• [Problem] Write out the stretch of lines below that begins at the line with "(v y i)\<^sup>2)" and ends at the line with "define w where", including both, exactly as given and nothing more.

(Recorded data)

text \<open>\<open>lift_vec u\<close> is \<open>(e\<^sub>0 + u) / \<surd>2\<close> in \<open>\<real>\<^sup>2 \<otimes> \<real>\<^sup>D\<close>, with \<open>e\<^sub>0\<close> in the even and \<open>u\<close> in the
  odd coordinates. The swap test only sees squared overlaps; lifting makes the overlap
  \<open>(1 + \<langle>u, v\<rangle>) / 2\<close> nonnegative, so that its square is monotone in \<open>\<langle>u, v\<rangle>\<close>.\<close>

definition lift_vec :: "(nat \<Rightarrow> real) \<Rightarrow> nat \<Rightarrow> real" where
  "lift_vec u k = (if even k then of_bool (k = 0) else u (k div 2)) / sqrt 2"

lemma sum_lift_vec_mult:
  "(\<Sum>k<2 ^ Suc q. lift_vec u k * lift_vec v k) = (1 + (\<Sum>i<2 ^ q. u i * v i)) / 2"
proof -
  have "(\<Sum>k<2 ^ Suc q. lift_vec u k * lift_vec v k)
      = (\<Sum>i<2 ^ q. lift_vec u (i * 2) * lift_vec v (i * 2) + lift_vec u (Suc (i * 2)) * lift_vec v (Suc (i * 2)))"
    unfolding power_Suc2 sum_mult_product by (simp add: numeral_2_eq_2)
  also have "\<dots> = (\<Sum>i<2 ^ q. of_bool (i = 0) / 2 + u i * v i / 2)"
    by (intro sum.cong refl) (auto simp: lift_vec_def)
  also have "\<dots> = (1 + (\<Sum>i<2 ^ q. u i * v i)) / 2"
    by (simp add: sum.distrib sum_divide_distrib[symmetric] of_bool_def)
  finally show ?thesis .
qed

text \<open>\<open>r\<close> is the rejection probability of a swap test on states with overlap \<open>(1 + w) / 2\<close>.\<close>

lemma swap_rejection_gap:
  fixes w \<epsilon> :: real
  assumes w: "w\<^sup>2 \<le> 1" and \<epsilon>: "0 \<le> \<epsilon>"
  defines "r \<equiv> (1 - ((1 + w) / 2)\<^sup>2) / 2"
  shows "0 \<le> r" "r \<le> 1"
    and "\<epsilon> \<le> w \<Longrightarrow> r + \<epsilon> / 4 \<le> (3 - \<epsilon>\<^sup>2) / 8"
    and "w \<le> - \<epsilon> \<Longrightarrow> (3 - \<epsilon>\<^sup>2) / 8 + \<epsilon> / 4 \<le> r"
proof -
  have w_bounds: "-1 \<le> w" "w \<le> 1"
    using w abs_le_square_iff[of w 1] by auto
  then show "0 \<le> r" "r \<le> 1"
    unfolding r_def using w by (auto simp: power2_eq_square field_simps)
  show "r + \<epsilon> / 4 \<le> (3 - \<epsilon>\<^sup>2) / 8" if "\<epsilon> \<le> w"
  proof -
    have "((1 + \<epsilon>) / 2)\<^sup>2 \<le> ((1 + w) / 2)\<^sup>2"
      using that \<epsilon> by (intro power_mono) auto
    then show ?thesis
      unfolding r_def by (simp add: power2_eq_square field_simps)
  qed
  show "(3 - \<epsilon>\<^sup>2) / 8 + \<epsilon> / 4 \<le> r" if "w \<le> - \<epsilon>"
  proof -
    have "((1 + w) / 2)\<^sup>2 \<le> ((1 - \<epsilon>) / 2)\<^sup>2"
      using that w_bounds by (intro power_mono) auto
    then show ?thesis
      unfolding r_def by (simp add: power2_eq_square field_simps)
  qed
qed

lemma qsmp_protocol_of_inner_product_gap:
  fixes u v :: "bool list \<Rightarrow> nat \<Rightarrow> real"
  assumes u: "\<And>x. length x = n \<Longrightarrow> (\<Sum>i<2 ^ q. (u x i)\<^sup>2) = 1"
    and v: "\<And>y. length y = n \<Longrightarrow> (\<Sum>i<2 ^ q. (v y i)\<^sup>2) = 1"
    and \<epsilon>: "\<epsilon> > 0"
    and yes: "\<And>x y. length x = n \<Longrightarrow> length y = n \<Longrightarrow> f x y \<Longrightarrow> \<epsilon> \<le> (\<Sum>i<2 ^ q. u x i * v y i)"
    and no: "\<And>x y. length x = n \<Longrightarrow> length y = n \<Longrightarrow> \<not> f x y \<Longrightarrow> (\<Sum>i<2 ^ q. u x i * v y i) \<le> - \<epsilon>"
    and K: "16 \<le> real K * \<epsilon>\<^sup>2"
  shows "qsmp_protocol n f (K * Suc q) (K * Suc q)"
proof (rule qsmp_protocol_swap_tests[where a = "\<lambda>x. lift_vec (u x)" and b = "\<lambda>y. lift_vec (v y)"
      and \<tau> = "real K * ((3 - \<epsilon>\<^sup>2) / 8)"])
  show "(\<Sum>i<2 ^ Suc q. (lift_vec (u x) i)\<^sup>2) = 1" if "length x = n" for x
    using sum_lift_vec_mult[where q = q and u = "u x" and v = "u x"] u[OF that] by (simp add: power2_eq_square)
  show "(\<Sum>i<2 ^ Suc q. (lift_vec (v y) i)\<^sup>2) = 1" if "length y = n" for y
    using sum_lift_vec_mult[where q = q and u = "v y" and v = "v y"] v[OF that] by (simp add: power2_eq_square)
  fix x y :: "bool list" assume x: "length x = n" and y: "length y = n"
  define w where "w = (\<Sum>i<2 ^ q. u x i * v y i)"
  define r where "r = (1 - ((1 + w) / 2)\<^sup>2) / 2"
  have w: "w\<^sup>2 \<le> 1"
    unfolding w_def by (rule inner_sq_le_one[OF u[OF x] v[OF y]])
  note gap = swap_rejection_gap[OF w less_imp_le[OF \<epsilon>], folded r_def]
  have K\<delta>: "1 \<le> real K * (\<epsilon> / 4)\<^sup>2"
    using K by (simp add: power_divide)
  have \<delta>: "0 \<le> \<epsilon> / 4"
    using \<epsilon> by simp
  have "(1 - (\<Sum>i<2 ^ Suc q. lift_vec (u x) i * lift_vec (v y) i)\<^sup>2) / 2 = r"
    by (simp only: sum_lift_vec_mult r_def w_def)
  moreover have "2 / 3 \<le> measure_pmf.prob (binomial_pmf K r) {j. real j \<le> real K * ((3 - \<epsilon>\<^sup>2) / 8)}"
    if "f x y"
    using binomial_threshold_above[OF gap(1,2) K\<delta> \<delta> gap(3)] yes[OF x y that] by (simp add: w_def)
  moreover have "measure_pmf.prob (binomial_pmf K r) {j. real j \<le> real K * ((3 - \<epsilon>\<^sup>2) / 8)} \<le> 1 / 3"
    if "\<not> f x y"
    using binomial_threshold_below[OF gap(1,2) K\<delta> \<delta> gap(4)] no[OF x y that] by (simp add: w_def)
  ultimately show "let P = measure_pmf.prob (binomial_pmf K ((1 - (\<Sum>i<2 ^ Suc q. lift_vec (u x) i * lift_vec (v y) i)\<^sup>2) / 2))
                    {j. real j \<le> real K * ((3 - \<epsilon>\<^sup>2) / 8)}
       in if f x y then 2 / 3 \<le> P else 2 / 3 \<le> 1 - P"
    by (simp add: Let_def)
qed

section \<open>Newman's derandomization\<close>

lemma map_pmf_mem_eq_bernoulli:
  "map_pmf (\<lambda>z. z \<in> E) P = bernoulli_pmf (measure_pmf.prob P E)"
proof (rule pmf_eqI)
  fix b :: bool
  have "(\<lambda>z. z \<in> E) -` {True} = E" "(\<lambda>z. z \<in> E) -` {False} = UNIV - E"
    by auto
  then show "pmf (map_pmf (\<lambda>z. z \<in> E) P) b = pmf (bernoulli_pmf (measure_pmf.prob P E)) b"
    using measure_pmf.prob_compl[of E P] by (cases b) (simp_all add: pmf_map)
qed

(End Recorded data)

• [Problem solution]
    and v: "\<And>y. length y = n \<Longrightarrow> (\<Sum>i<2 ^ q. (v y i)\<^sup>2) = 1"
    and \<epsilon>: "\<epsilon> > 0"
    and yes: "\<And>x y. length x = n \<Longrightarrow> length y = n \<Longrightarrow> f x y \<Longrightarrow> \<epsilon> \<le> (\<Sum>i<2 ^ q. u x i * v y i)"
    and no: "\<And>x y. length x = n \<Longrightarrow> length y = n \<Longrightarrow> \<not> f x y \<Longrightarrow> (\<Sum>i<2 ^ q. u x i * v y i) \<le> - \<epsilon>"
    and K: "16 \<le> real K * \<epsilon>\<^sup>2"
  shows "qsmp_protocol n f (K * Suc q) (K * Suc q)"
proof (rule qsmp_protocol_swap_tests[where a = "\<lambda>x. lift_vec (u x)" and b = "\<lambda>y. lift_vec (v y)"
      and \<tau> = "real K * ((3 - \<epsilon>\<^sup>2) / 8)"])
  show "(\<Sum>i<2 ^ Suc q. (lift_vec (u x) i)\<^sup>2) = 1" if "length x = n" for x
    using sum_lift_vec_mult[where q = q and u = "u x" and v = "u x"] u[OF that] by (simp add: power2_eq_square)
  show "(\<Sum>i<2 ^ Suc q. (lift_vec (v y) i)\<^sup>2) = 1" if "length y = n" for y
    using sum_lift_vec_mult[where q = q and u = "v y" and v = "v y"] v[OF that] by (simp add: power2_eq_square)
  fix x y :: "bool list" assume x: "length x = n" and y: "length y = n"
  define w where "w = (\<Sum>i<2 ^ q. u x i * v y i)"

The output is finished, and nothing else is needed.